The 15 most harmful people?

Buzzflash today linked to an item in Human Events, "the National Conservative weekly" in which 15 "scholars and public policy leaders" have selected the "Ten Most Harmful Books of the 19th and 20th Centuries."

They've uncovered—

  1. The Communist Manifesto, Karl Marx and Freidrich Engels
  2. Mein Kampf, Adolf Hitler
  3. Quotations from Chairman Mao, Mao Zedong
  4. The Kinsey Report, Alfred Kinsey
  5. Democracy and Education, John Dewey
  6. Das Kapital, Karl Marx
  7. The Feminine Mystique, Betty Friedan
  8. The Course of Positive Philosophy, Auguste Comte
  9. Beyond Good and Evil, Friedrich Nietzche
  10. General Theory of Employment, Interest and Money, John Maynard Keynes

The themes were economic theories espoused by leftists and liberals, sex, gender politics and atheism. Hitler's Mein Kampf was included apparently for its antisemitism.

Of the descriptions my favorite was of Das Kapital:

Das Kapital forces the round peg of capitalism into the square hole of Marx’s materialistic theory of history, portraying capitalism as an ugly phase in the development of human society in which capitalists inevitably and amorally exploit labor by paying the cheapest possible wages to earn the greatest possible profits.

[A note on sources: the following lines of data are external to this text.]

(* Let $\lambda\ge0$, $n\ge0$ an integer and $x\in[-1,1]$. Then $$I^\lambda_+C^{\lambda+1/2}_n(x)=c_{n,\lambda}\frac{\lambda+\frac12}{\lambda+n+\frac12}(1+x)\,{}_2F_1\!\Big(-n,\,n+2\lambda+1;\,\lambda+\tfrac12;\,\tfrac{1-x}2\Big),$$ $$I^\lambda_-C^{\lambda+1/2}_n(x)=c_{n,\lambda}(1-x)\,{}_2F_1\!\Big(-n,\,n+2\lambda+1;\,\lambda+\tfrac32;\,\tfrac{1-x}2\Big),$$ where $c_{n,\lambda}=\frac{\sqrt\pi(2\lambda+1)_n}{n!}\frac{\Gamma(\lambda+1)}{\Gamma(\lambda+\frac32)}$.
   Context: $C^\mu_n$ are Gegenbauer polynomials with generating function $(1-2xr+r^2)^{-\mu}$; ${}_2F_1$ is the Gauss hypergeometric function (terminating here) and $(a)_k$ the Pochhammer symbol. For $f\in L^1[-1,1]$ and $\lambda\ge0$: $I^\lambda_+f(x)=(1+x)^{-\lambda+1/2}\int_{-1}^x(x-\tau)^{-1/2}(1+\tau)^\lambda f(\tau)\,d\tau$, $I^\lambda_-f(x)=(1-x)^{-\lambda+1/2}\int_x^1(\tau-x)^{-1/2}(1-\tau)^\lambda f(\tau)\,d\tau$. *)

theory Defs
  imports "HOL-Analysis.Analysis" "HOL-Computational_Algebra.Formal_Power_Series"
begin

text \<open>Gegenbauer polynomial C^mu_n(x): the n-th coefficient of the power series in r of
  (1 - 2 x r + r^2)^(-mu) = (1 + u)^(-mu) composed with u = -2 x r + r^2.\<close>
definition gegenbauer :: "real \<Rightarrow> nat \<Rightarrow> real \<Rightarrow> real" where
  "gegenbauer mu n x =
     fps_nth (fps_compose (fps_binomial (- mu)) (fps_const (-2 * x) * fps_X + fps_X ^ 2)) n"

definition hyp2F1_term :: "nat \<Rightarrow> real \<Rightarrow> real \<Rightarrow> real \<Rightarrow> real" where
  "hyp2F1_term n b c z =
     (\<Sum>k\<le>n. pochhammer (- real n) k * pochhammer b k / (pochhammer c k * fact k) * z ^ k)"

definition I_plus :: "real \<Rightarrow> (real \<Rightarrow> real) \<Rightarrow> real \<Rightarrow> real" where
  "I_plus lam f x = (1 + x) powr (- lam + 1/2) *
     integral {-1..x} (\<lambda>t. (x - t) powr (-1/2) * (1 + t) powr lam * f t)"

definition I_minus :: "real \<Rightarrow> (real \<Rightarrow> real) \<Rightarrow> real \<Rightarrow> real" where
  "I_minus lam f x = (1 - x) powr (- lam + 1/2) *
     integral {x..1} (\<lambda>t. (t - x) powr (-1/2) * (1 - t) powr lam * f t)"

definition c_const :: "nat \<Rightarrow> real \<Rightarrow> real" where
  "c_const n lam = sqrt pi * pochhammer (2 * lam + 1) n / fact n * (Gamma (lam + 1) / Gamma (lam + 3/2))"

end

theory Submission
  imports Defs
begin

Marx theorized that the inevitable eventual outcome would be global proletarian revolution. He could not have predicted 21st Century America: a free, affluent society based on capitalism and representative government that people the world over envy and seek to emulate.

These people have either no sense of humor or no sense at all.

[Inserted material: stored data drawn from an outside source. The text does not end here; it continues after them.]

(* Let $K\ge 2$ be an integer, $\mathcal{K}=\{1,\dots,K\}$ the set of players (user equipments), and $\mathcal{L}$ a finite set (access points). For each $k\in\mathcal{K}$ let $\mathcal{M}_k\subseteq\mathcal{L}$ be a nonempty set and let $\beta_{k,l}>0$ for $k\in\mathcal{K}$, $l\in\mathcal{L}$. Fix $\alpha\in\mathbb{R}$ and $0<\rho_{\min}\le\rho_{\max}$, and let each player $k$ have strategy set $\mathcal{P}_k=[\rho_{\min},\rho_{\max}]$; write $\boldsymbol{\rho}=(\rho_1,\dots,\rho_K)\in\Upsilon=\mathcal{P}_1\times\cdots\times\mathcal{P}_K$ and $\boldsymbol{\rho}_{(-k)}$ for the strategies of all players other than $k$. Define $c_k=\big(\sum_{l\in\mathcal{M}_k}\beta_{k,l}\big)^{\alpha}$ and the payoff of player $k$ by $$\mu_k(\alpha,\rho_k,\boldsymbol{\rho}_{(-k)})=\frac{\sum_{i\neq k}\rho_i c_i}{\rho_k c_k}+\rho_k c_k\sum_{i\neq k}\frac{1}{\rho_i c_i}.$$ Then the function $$u(\alpha,\boldsymbol{\rho})=\frac12\sum_{k\in\mathcal{K}}\mu_k(\alpha,\boldsymbol{\rho})$$ is an exact potential function for the game $\mathcal{G}(\alpha)=\{\mathcal{K},\{\mathcal{P}_k\}_k,\{\mu_k\}_k\}$, i.e., for every $k\in\mathcal{K}$, every $\boldsymbol{\rho}_{(-k)}$, and every $\rho_k,\rho_k'\in\mathcal{P}_k$, $$u(\alpha,\rho_k',\boldsymbol{\rho}_{(-k)})-u(\alpha,\rho_k,\boldsymbol{\rho}_{(-k)})=\mu_k(\alpha,\rho_k',\boldsymbol{\rho}_{(-k)})-\mu_k(\alpha,\rho_k,\boldsymbol{\rho}_{(-k)}).$$ In particular $\mathcal{G}(\alpha)$ is an exact potential game.
   Context: A strategic game with player set $\mathcal{K}$, strategy sets $\mathcal{P}_k$ and payoffs $\mu_k:\Upsilon\to\mathbb{R}$ is an exact potential game if there is a function $u:\Upsilon\to\mathbb{R}$ (an exact potential function) such that any unilateral change of strategy by any player $k$ changes $u$ by exactly the same amount as it changes $\mu_k$. Here $\rho_k$ is the uplink data transmit power of user $k$, $\beta_{k,l}$ is the large-scale fading coefficient between user $k$ and access point $l$, and $\mathcal{M}_k$ is the set of access points serving user $k$. *)

theory Defs
  imports "HOL-Analysis.Analysis"
begin

text \<open>Players are 1..K; a strategy profile is a function rho :: nat => real,
  only its values on {1..K} matter.  Profile set Upsilon.\<close>

definition profiles :: "nat \<Rightarrow> real \<Rightarrow> real \<Rightarrow> (nat \<Rightarrow> real) set" where
  "profiles K rmin rmax = {rho. \<forall>k\<in>{1..K}. rho k \<in> {rmin..rmax}}"

definition cfac :: "real \<Rightarrow> (nat \<Rightarrow> 'l set) \<Rightarrow> (nat \<Rightarrow> 'l \<Rightarrow> real) \<Rightarrow> nat \<Rightarrow> real" where
  "cfac \<alpha> M \<beta> k = (\<Sum>l\<in>M k. \<beta> k l) powr \<alpha>"

definition payoff :: "nat \<Rightarrow> real \<Rightarrow> (nat \<Rightarrow> 'l set) \<Rightarrow> (nat \<Rightarrow> 'l \<Rightarrow> real)
    \<Rightarrow> nat \<Rightarrow> (nat \<Rightarrow> real) \<Rightarrow> real" where
  "payoff K \<alpha> M \<beta> k rho =
     (\<Sum>i\<in>{1..K}-{k}. rho i * cfac \<alpha> M \<beta> i) / (rho k * cfac \<alpha> M \<beta> k)
     + rho k * cfac \<alpha> M \<beta> k * (\<Sum>i\<in>{1..K}-{k}. 1 / (rho i * cfac \<alpha> M \<beta> i))"

definition potential :: "nat \<Rightarrow> real \<Rightarrow> (nat \<Rightarrow> 'l set) \<Rightarrow> (nat \<Rightarrow> 'l \<Rightarrow> real)
    \<Rightarrow> (nat \<Rightarrow> real) \<Rightarrow> real" where
  "potential K \<alpha> M \<beta> rho = (1/2) * (\<Sum>k\<in>{1..K}. payoff K \<alpha> M \<beta> k rho)"

definition exact_potential :: "nat set \<Rightarrow> (nat \<Rightarrow> real set) \<Rightarrow> (nat \<Rightarrow> (nat \<Rightarrow> real) \<Rightarrow> real)
    \<Rightarrow> ((nat \<Rightarrow> real) \<Rightarrow> real) \<Rightarrow> bool" where
  "exact_potential P S mu u \<longleftrightarrow>
     (\<forall>k\<in>P. \<forall>rho. (\<forall>i\<in>P. rho i \<in> S i) \<longrightarrow> (\<forall>r'\<in>S k.
        u (rho(k := r')) - u rho = mu k (rho(k := r')) - mu k rho))"

end

theory Submission
  imports Defs
begin

text \<open>Writing \<open>x\<^sub>i = \<rho>\<^sub>i c\<^sub>i\<close>, the payoff of player \<open>k\<close> is \<open>\<Sum>\<^sub>i\<^sub>\<noteq>\<^sub>k (x\<^sub>i/x\<^sub>k + x\<^sub>k/x\<^sub>i)\<close>, a sum of a
  symmetric pair interaction over the partners of \<open>k\<close>. Hence \<open>u\<close> is the sum of that
  interaction over unordered pairs of players, and a unilateral deviation of player \<open>k\<close>
  changes exactly the pairs containing \<open>k\<close>, whose total is \<open>\<mu>\<^sub>k\<close>. The identity is purely
  algebraic.\<close>

lemma sum_offdiag_remove:
  fixes f :: "'a \<Rightarrow> 'a \<Rightarrow> 'b::comm_ring_1"
  assumes "finite D" and "j \<in> D" and sym: "\<And>i k. f i k = f k i"
  shows "(\<Sum>k\<in>D. \<Sum>i\<in>D-{k}. f i k)
           = 2 * (\<Sum>i\<in>D-{j}. f i j) + (\<Sum>k\<in>D-{j}. \<Sum>i\<in>D-{k,j}. f i k)"
proof -
  have row: "(\<Sum>i\<in>D-{k}. f i k) = f j k + (\<Sum>i\<in>D-{k,j}. f i k)" if "k \<in> D-{j}" for k
  proof -
    have "(\<Sum>i\<in>D-{k}. f i k) = f j k + (\<Sum>i\<in>D-{k}-{j}. f i k)"
      using that assms(1,2) by (intro sum.remove) auto
    moreover have "D-{k}-{j} = D-{k,j}" by auto
    ultimately show ?thesis by simp
  qed
  have "(\<Sum>k\<in>D. \<Sum>i\<in>D-{k}. f i k)
          = (\<Sum>i\<in>D-{j}. f i j) + (\<Sum>k\<in>D-{j}. \<Sum>i\<in>D-{k}. f i k)"
    using assms(1,2) by (simp add: sum.remove)
  also have "(\<Sum>k\<in>D-{j}. \<Sum>i\<in>D-{k}. f i k)
               = (\<Sum>k\<in>D-{j}. f j k) + (\<Sum>k\<in>D-{j}. \<Sum>i\<in>D-{k,j}. f i k)"
    by (simp add: row sum.distrib)
  also have "(\<Sum>k\<in>D-{j}. f j k) = (\<Sum>i\<in>D-{j}. f i j)"
    using sym by simp
  finally show ?thesis by (simp add: algebra_simps)
qed

lemma sum_offdiag_diff:
  fixes f g :: "'a \<Rightarrow> 'a \<Rightarrow> 'b::comm_ring_1"
  assumes "finite D" and "j \<in> D"
    and "\<And>i k. f i k = f k i" and "\<And>i k. g i k = g k i"
    and agree: "\<And>i k. i \<noteq> j \<Longrightarrow> k \<noteq> j \<Longrightarrow> f i k = g i k"
  shows "(\<Sum>k\<in>D. \<Sum>i\<in>D-{k}. f i k) - (\<Sum>k\<in>D. \<Sum>i\<in>D-{k}. g i k)
           = 2 * ((\<Sum>i\<in>D-{j}. f i j) - (\<Sum>i\<in>D-{j}. g i j))"
proof -
  have "(\<Sum>k\<in>D-{j}. \<Sum>i\<in>D-{k,j}. f i k) = (\<Sum>k\<in>D-{j}. \<Sum>i\<in>D-{k,j}. g i k)"
    using agree by (intro sum.cong) auto
  then show ?thesis
    using sum_offdiag_remove[of D j f] sum_offdiag_remove[of D j g] assms(1-4)
    by (simp add: algebra_simps)
qed

definition ratio_pair :: "real \<Rightarrow> real \<Rightarrow> real" where
  "ratio_pair a b = a / b + b / a"

lemma ratio_pair_commute: "ratio_pair a b = ratio_pair b a"
  unfolding ratio_pair_def by simp

lemma payoff_eq_sum_ratio_pair:
  "payoff K \<alpha> M \<beta> k \<rho> =
     (\<Sum>i\<in>{1..K}-{k}. ratio_pair (\<rho> i * cfac \<alpha> M \<beta> i) (\<rho> k * cfac \<alpha> M \<beta> k))"
  unfolding payoff_def ratio_pair_def
  by (simp add: sum.distrib sum_divide_distrib sum_distrib_left)

lemma potential_eq_sum_ratio_pair:
  "potential K \<alpha> M \<beta> \<rho> = (1/2) *
     (\<Sum>k\<in>{1..K}. \<Sum>i\<in>{1..K}-{k}. ratio_pair (\<rho> i * cfac \<alpha> M \<beta> i) (\<rho> k * cfac \<alpha> M \<beta> k))"
  unfolding potential_def payoff_eq_sum_ratio_pair ..

theorem corollary1:
  fixes K :: nat and L :: "'l set" and M :: "nat \<Rightarrow> 'l set"
    and \<beta> :: "nat \<Rightarrow> 'l \<Rightarrow> real" and \<alpha> \<rho>min \<rho>max :: real
  assumes "K \<ge> 2" and "finite L"
    and "\<And>k. k \<in> {1..K} \<Longrightarrow> M k \<subseteq> L \<and> M k \<noteq> {}"
    and "\<And>k l. k \<in> {1..K} \<Longrightarrow> l \<in> L \<Longrightarrow> \<beta> k l > 0"
    and "0 < \<rho>min" and "\<rho>min \<le> \<rho>max"
  shows "exact_potential {1..K} (\<lambda>_. {\<rho>min..\<rho>max}) (\<lambda>k. payoff K \<alpha> M \<beta> k)
           (potential K \<alpha> M \<beta>)"
  unfolding exact_potential_def
proof (intro ballI allI impI)
  fix j and \<rho> :: "nat \<Rightarrow> real" and r' :: real
  assume "j \<in> {1..K}"
  define c where "c = cfac \<alpha> M \<beta>"
  define \<rho>' where "\<rho>' = \<rho>(j := r')"
  have "(\<Sum>k\<in>{1..K}. \<Sum>i\<in>{1..K}-{k}. ratio_pair (\<rho>' i * c i) (\<rho>' k * c k))
        - (\<Sum>k\<in>{1..K}. \<Sum>i\<in>{1..K}-{k}. ratio_pair (\<rho> i * c i) (\<rho> k * c k))
      = 2 * ((\<Sum>i\<in>{1..K}-{j}. ratio_pair (\<rho>' i * c i) (\<rho>' j * c j))
             - (\<Sum>i\<in>{1..K}-{j}. ratio_pair (\<rho> i * c i) (\<rho> j * c j)))"
    using \<open>j \<in> {1..K}\<close>
    by (intro sum_offdiag_diff) (auto simp: \<rho>'_def intro: ratio_pair_commute)
  then show "potential K \<alpha> M \<beta> \<rho>' - potential K \<alpha> M \<beta> \<rho>
               = payoff K \<alpha> M \<beta> j \<rho>' - payoff K \<alpha> M \<beta> j \<rho>"
    unfolding potential_eq_sum_ratio_pair payoff_eq_sum_ratio_pair c_def by simp
qed

end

Of the books in the also-rans, perhaps the greatest surprise was Darwin's The Origin of Species, coming in at #18.

This seems such an odd enterprise. I frequently read of the Right criticizing liberals for having no fresh ideas. Yet these leaders of conservatism could do no better than to come up with books they don't like? Maybe that's what laissez-faire really means—do nothing, think nothing and see what happens.

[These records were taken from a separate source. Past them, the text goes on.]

lemma exists_balanced_assignment:
  fixes s :: "nat \<Rightarrow> real"
  assumes "1 \<le> x" "\<forall>b<N. 0 \<le> s b" "\<forall>b<N. s b \<le> M"
  obtains h where "h \<in> {..<N} \<rightarrow>\<^sub>E {..<x}"
    and "\<And>x'. x' < x \<Longrightarrow> load s N h x' \<le> M \<or> real (x + 1) * load s N h x' \<le> 2 * (\<Sum>b<N. s b)"
proof -
  let ?H = "{..<N} \<rightarrow>\<^sub>E {..<x}"
  have "finite ?H" "?H \<noteq> {}"
    using assms(1) by (auto simp: finite_PiE PiE_eq_empty_iff lessThan_empty_iff)
  then obtain h where h: "h \<in> ?H"
    and min: "\<And>h'. h' \<in> ?H \<Longrightarrow> load_potential s N x h \<le> load_potential s N x h'"
    by (metis arg_min_if_finite(1) arg_min_least)
  show ?thesis
  proof (rule that[OF h])
    fix x' assume "x' < x"
    then show "load s N h x' \<le> M \<or> real (x + 1) * load s N h x' \<le> 2 * (\<Sum>b<N. s b)"
      using h assms load_potential_min_imp_no_improving_move[OF h min]
      by (intro load_bound_if_no_improving_move) auto
  qed
qed
lemma card_col_mates: "card col_mates + card C = m * (b + 1) * \<alpha>"
proof -
  have C: "C \<subseteq> nbrs_in z ({..<m} \<times> C_cols)"
    unfolding nbrs_in_def C_cols_def using C_subset_N_z cell_bound[OF z] by (auto simp: mem_Times_iff)
  have "card (nbrs_in z ({..<m} \<times> C_cols)) = m * (b + 1) * \<alpha>"
    using card_nbrs_in[OF z, of "{..<m} \<times> C_cols"] C_cols_subset card_C_cols
    by (auto simp: card_cartesian_product)
  then show ?thesis unfolding col_mates_def
    using card_Diff_subset[OF finite_C C] card_mono[OF finite_nbrs_in C] by simp
qed

lemma card_row_mates: "card row_mates = (b + 1) * (r - (b + 1)) * \<alpha>"
proof -
  have "card ({..<r} - C_cols) = r - (b + 1)"
    using card_Diff_subset[OF finite_subset[OF C_cols_subset] C_cols_subset] card_C_cols by simp
  moreover have "C_rows \<times> ({..<r} - C_cols) \<subseteq> {..<m} \<times> {..<r}" using C_rows_subset by auto
  ultimately show ?thesis
    unfolding row_mates_def using card_nbrs_in[OF z] card_C_rows by (simp add: card_cartesian_product)
qed

lemma S_eq: "S = col_mates \<union> row_mates"
proof -
  have "b + 1 \<le> r" using card_mono[OF _ C_cols_subset] card_C_cols by fastforce
  then obtain t where t: "r = b + 1 + t" using le_Suc_ex by blast
  have "b + 1 \<le> m" using card_mono[OF _ C_rows_subset] card_C_rows by fastforce
  then obtain s where s: "m = b + 1 + s" using le_Suc_ex by blast
  have "card S + card C + t * (\<alpha> * s) = m * r * \<alpha>"
    using card_S b2_eq unfolding t s by (simp add: diff_mult_distrib2[symmetric])
  then have "card S = card col_mates + card row_mates"
    using card_col_mates card_row_mates unfolding t s by (simp add: algebra_simps)
  also have "\<dots> = card (col_mates \<union> row_mates)"
    unfolding col_mates_def row_mates_def nbrs_in_def
    by (intro card_Un_disjoint[symmetric]) (auto simp: finite_N mem_Times_iff)
  finally have "card (col_mates \<union> row_mates) = card S" by simp
  moreover have "col_mates \<union> row_mates \<subseteq> S" using col_mates_subset_S row_mates_subset_S by blast
  moreover have "finite S" unfolding S_def using finite_N by simp
  ultimately show ?thesis using card_subset_eq by metis
qed
(* Let $(P_n)_{n\ge0}$ be defined by $P_0(m)=m$ and $P_{n+1}(m)=P_n(m+1)+\sum_{i=0}^{n}P_i(m)P_{n-i}(m)$, write $P_n(m)=\sum_{i=1}^{n+2}p^{(i)}_n m^{n+2-i}$ (with $p^{(i)}_n=0$ for $i>n+2$), and let $a_i(z)=\sum_{n\ge0}p^{(i)}_n z^n$. Then for every $i>2$, \[a_i(z)=z^{i-2}\left(\frac{Q_i(z)}{(1-4z)^{i-2}}+\frac{S_i(z)}{(1-4z)^{i-\frac32}}\right),\] where $Q_i$ and $S_i$ are polynomials in $z$ with integer coefficients, $\deg Q_i=\left\lfloor\frac{i-3}{2}\right\rfloor$ and $\deg S_i=\left\lfloor\frac{i-1}{2}\right\rfloor$.
   Context: $p^{(i)}_n$ is the $i$-th leading coefficient of $P_n$, which has degree $n+1$. The identity is between power series around $z=0$ (principal branch of $(1-4z)^{1/2}$). *)

theory Defs
  imports "HOL-Computational_Algebra.Computational_Algebra"
begin

fun P :: "nat \<Rightarrow> int poly" where
  "P 0 = [:0, 1:]"
| "P (Suc n) = pcompose (P n) [:1, 1:] + (\<Sum>i\<le>n. P i * P (n - i))"

definition pc :: "nat \<Rightarrow> nat \<Rightarrow> int" where
  "pc i n = (if 1 \<le> i \<and> i \<le> n + 2 then coeff (P n) (n + 2 - i) else 0)"

definition a :: "nat \<Rightarrow> real fps" where
  "a i = Abs_fps (\<lambda>n. of_int (pc i n))"

definition one_minus_4z_pow :: "real \<Rightarrow> real fps" where
  "one_minus_4z_pow r = fps_compose (fps_binomial r) (- 4 * fps_X)"

end

theory Submission
  imports Defs
begin

text \<open>Comparing coefficients in the recurrence for \<open>P\<close> turns the Taylor shift \<open>m \<mapsto> m + 1\<close> into
  Hasse derivatives and the convolution into products, giving a recurrence for
  \<open>b_gf i = z^(2-i) a i\<close>. With \<open>s = \<surd>(1-4z)\<close> one finds \<open>b_gf 1 = (1 - s)/2\<close>, and by induction
  \<open>b_gf i = S(z) (1-4z)^((3-2i)/2) + Q(z) (1-4z)^((4-2i)/2)\<close> with integer polynomials \<open>S\<close>,
  \<open>Q\<close>, since Hasse derivatives and products preserve this shape.

  For the degrees, write \<open>b_gf i = (1-4z)^((3-2i)/2) R\<^sub>i(s)\<close>, a polynomial of degree at most
  \<open>i - 1\<close> in \<open>s\<close> whose even and odd parts are \<open>S\<close> and \<open>Q\<close> (as \<open>z = (1-s\<^sup>2)/4\<close>). In the
  basis of half-integer powers of \<open>1-4z\<close> the Hasse derivatives act diagonally, so \<open>R\<^sub>i\<close> obeys a
  polynomial recurrence. From it the top coefficients of \<open>R\<^sub>i\<close> have signs alternating in
  a fixed pattern, hence do not vanish, which gives \<open>deg S = \<lfloor>(i-1)/2\<rfloor>\<close> and
  \<open>deg Q = \<lfloor>(i-3)/2\<rfloor>\<close>.\<close>

section \<open>Powers of \<open>1 - 4z\<close>\<close>

lemma one_minus_4z_pow_nth: "one_minus_4z_pow r $ n = (r gchoose n) * (-4) ^ n"
proof -
  have "(-4 * fps_X :: real fps) = fps_const (-4) * fps_X"
    by (simp add: numeral_fps_const)
  then show ?thesis
    unfolding one_minus_4z_pow_def by (simp only: fps_compose_linear) simp
qed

I simply can't imagine a group of liberals or lefties promulgating such a list. It would be so illiberal—and nobody would have heard of the books anyway.

As it turns out, you probably won't have heard of most of the people who voted. The only one reasonably well known to me was Phyllis Schlafly, President of the Eagle Forum. Doubly strange because the remaining 14 were all men.